Fillmore's First Schools
By the 1870s more and more settlers were arriving and claiming land along the Santa Clara and Sespe rivers. These were families who had come from all over the United States looking for a new place to call home, settle down and raise their families.
In 1871, the Frederic Sprague family arrived at the Sespe from Placer County. The family included his wife, Clare, a son, Hartley, who drove one of the wagons, and daughters, Iva and her twin, Inez, and younger sister Nellie. They came by way of Santa Barbara and had to cross the sandy beach north of Ventura. They lost one of their two wagons in the sand that day and had to wait until the next low tide to retrieve it.
Sprague had filed a homestead preemption claim on 160 acres of the disputed Rancho Sespe owned by Thomas More. (He and More had an ongoing argument about Sprague’s claim and he will always be connected to the 1877 More murder. But that’s another story.) Once settled in the Sespe, the Spragues farmed and operated a small grocery store close to Atmore Road where stage drivers could stop and change horses. Within the first year, Iva’s twin sister, Inez and her sister, Nellie, died of typhoid fever.
Education was important to the settlers so in 1874 Frederic and his 13 year old daughter, Iva, and 14 year old son, Hartley, traveled by wagon to Ventura to purchase wood for the building of a school. The school he built was located on the north side of the Santa Clara River near the current north approach of the Bardsdale Bridge. It was 20’ X 30’ and, depending on teacher’s estimates, either 11’, 12’, or 16’ high.
Like all schools of the period it was one room with the teacher’s desk on a platform on one end very similar to the 1873 Cienega School. According to Clara Smith, a teacher in the district in 1886-1887, “a water bucket and tin dipper stood just inside the door…There was a bookcase on the left side of the door with 150 volumes many of which are above the ability of the children to read…The children sit in rows facing the teacher, whose chair and desk occupy a place on the platform at the other end of the room. To the right of the teacher stands a manikin which shows the relative position of the different organs of the human body. This is the nearest approach to the instruction in hygiene which the children will receive.”
In 1879 the little school was moved to the east bank of the Sespe just a little north of today’s railroad bridge where it served as both church and school.
The old school building was moved once again in late 1888 from the east bank of the Sespe to a location two lots south of Sespe St. on the east side of Central Ave where it served the Fillmore School District as an office.
By early 1889, the school district served enough children to split into 3 districts. They were the Sespe, San Cayetano, and Fillmore School Districts.

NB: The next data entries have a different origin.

(* Put U(x) = 2 + V(1 + x). For c1 = -1 the equation becomes t(2 - t) V' = t(b - k t) - 2 t V - V^2/2
   on (0, 2), with b = c2 + 2 c3 - 3 and k = c3. A solution either enters the region V(t) < -M t,
   which it cannot leave as t decreases; there 1/V = (ln t)/4 + O(1), and inverting gives
   U = 2 + 4/ln((1 + x)/3) + O(ln((1 + x)/3)^-2). Or it stays above the barrier -M t near 0; then the
   gap to any larger solution would have to blow up, so it is the maximal solution U^+. Since
   gamma < gamma^+(c) on K, the first alternative holds, and because solutions depend continuously on
   (c, gamma), a compactness argument makes the entry time, hence every constant, uniform on K. *)

section \<open>The equation in solved form\<close>

definition riccati_rhs :: "(real \<Rightarrow> real) \<Rightarrow> real \<Rightarrow> real \<Rightarrow> real" where
  "riccati_rhs P x u = (P x - 2*x*u - u^2/2) / (1 - x^2)"

definition riccati_sol :: "(real \<Rightarrow> real) \<Rightarrow> (real \<Rightarrow> real) \<Rightarrow> bool" where
  "riccati_sol P U \<longleftrightarrow> (\<forall>x\<in>{-1<..<1}. (U has_real_derivative riccati_rhs P x (U x)) (at x))"

lemma is_sol_iff_riccati_sol: "is_sol c U \<longleftrightarrow> riccati_sol (Pc c) U"
proof -
  have "(1 - x^2) * d + 2 * x * U x + (1/2) * (U x)^2 = Pc c x \<longleftrightarrow> d = riccati_rhs (Pc c) x (U x)"
    if "x \<in> {-1<..<1}" for x d
  proof -
    have "1 - x^2 \<noteq> 0" using that by (auto simp: power2_eq_1_iff)
    then show ?thesis unfolding riccati_rhs_def by (auto simp: field_simps)
  qed
  then show ?thesis unfolding is_sol_def riccati_sol_def by auto
qed

lemma riccati_sol_continuous_on: "riccati_sol P U \<Longrightarrow> S \<subseteq> {-1<..<1} \<Longrightarrow> continuous_on S U"
  unfolding riccati_sol_def
  by (meson DERIV_isCont continuous_at_imp_continuous_on subsetD)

The Sespe and San Cayetano districts built new buildings immediately, but the Fillmore district had to wait a bit for their new building.
With their old school moved to town and their new school being built, students attended the Cactus Flat School. Their parents loaned the boards for the temporary building but wanted them back uncut. So each board was numbered and eventually returned to the owner. The photo shows how irregular the building was. This little school was on the east bank of the Sespe north of Fifth Street and West of Goodenough Road, about where Candelaria and Catalano Streets are now in 2020.
In 1890, the children who lived on the east side of the Sespe moved to a brand new school located on the northwest corner of Sespe and Mountain View. It was used until 1909 when the larger Mountain View School was built on the east side of Mountain View between Main St. and Sespe.
In 1890, Dr. John Hinckley bought the old school building that Sprague built and moved it across Central Ave. to a lot on the northwest corner of Sespe and Central. He remodeled it, added a room, and used it as his office and Fillmore’s first drug store. He later sold the building to Owen Miller who turned it into a restaurant. Dr. Hinckley moved his office and home on the corner of Ventura St., now Hwy 23, and Central Ave.
Herky Villaseñor used the old school building briefly in the 1930s until he moved his tamale factory to Main and Clay St. In 1936, Mr. O.M Topley took over the restaurant intending to open a beer parlor but in May, 1936 the building was destroyed by fire.
This building represented 40 years of Fillmore’s pioneer history from its beginnings as an unnamed dusty spot in the road to a thriving farming community. By 1936 the community was well established with schools, churches, businesses and about 2,800 residents. Within two weeks of the fire, Clara Ida Sprague Sheldon, who had told the story of the old school to the newspaper, had died. Two years later in 1938, Hartley Sprague who rode to Ventura with his father to buy wood for the first school, also died. The pioneer period was ending.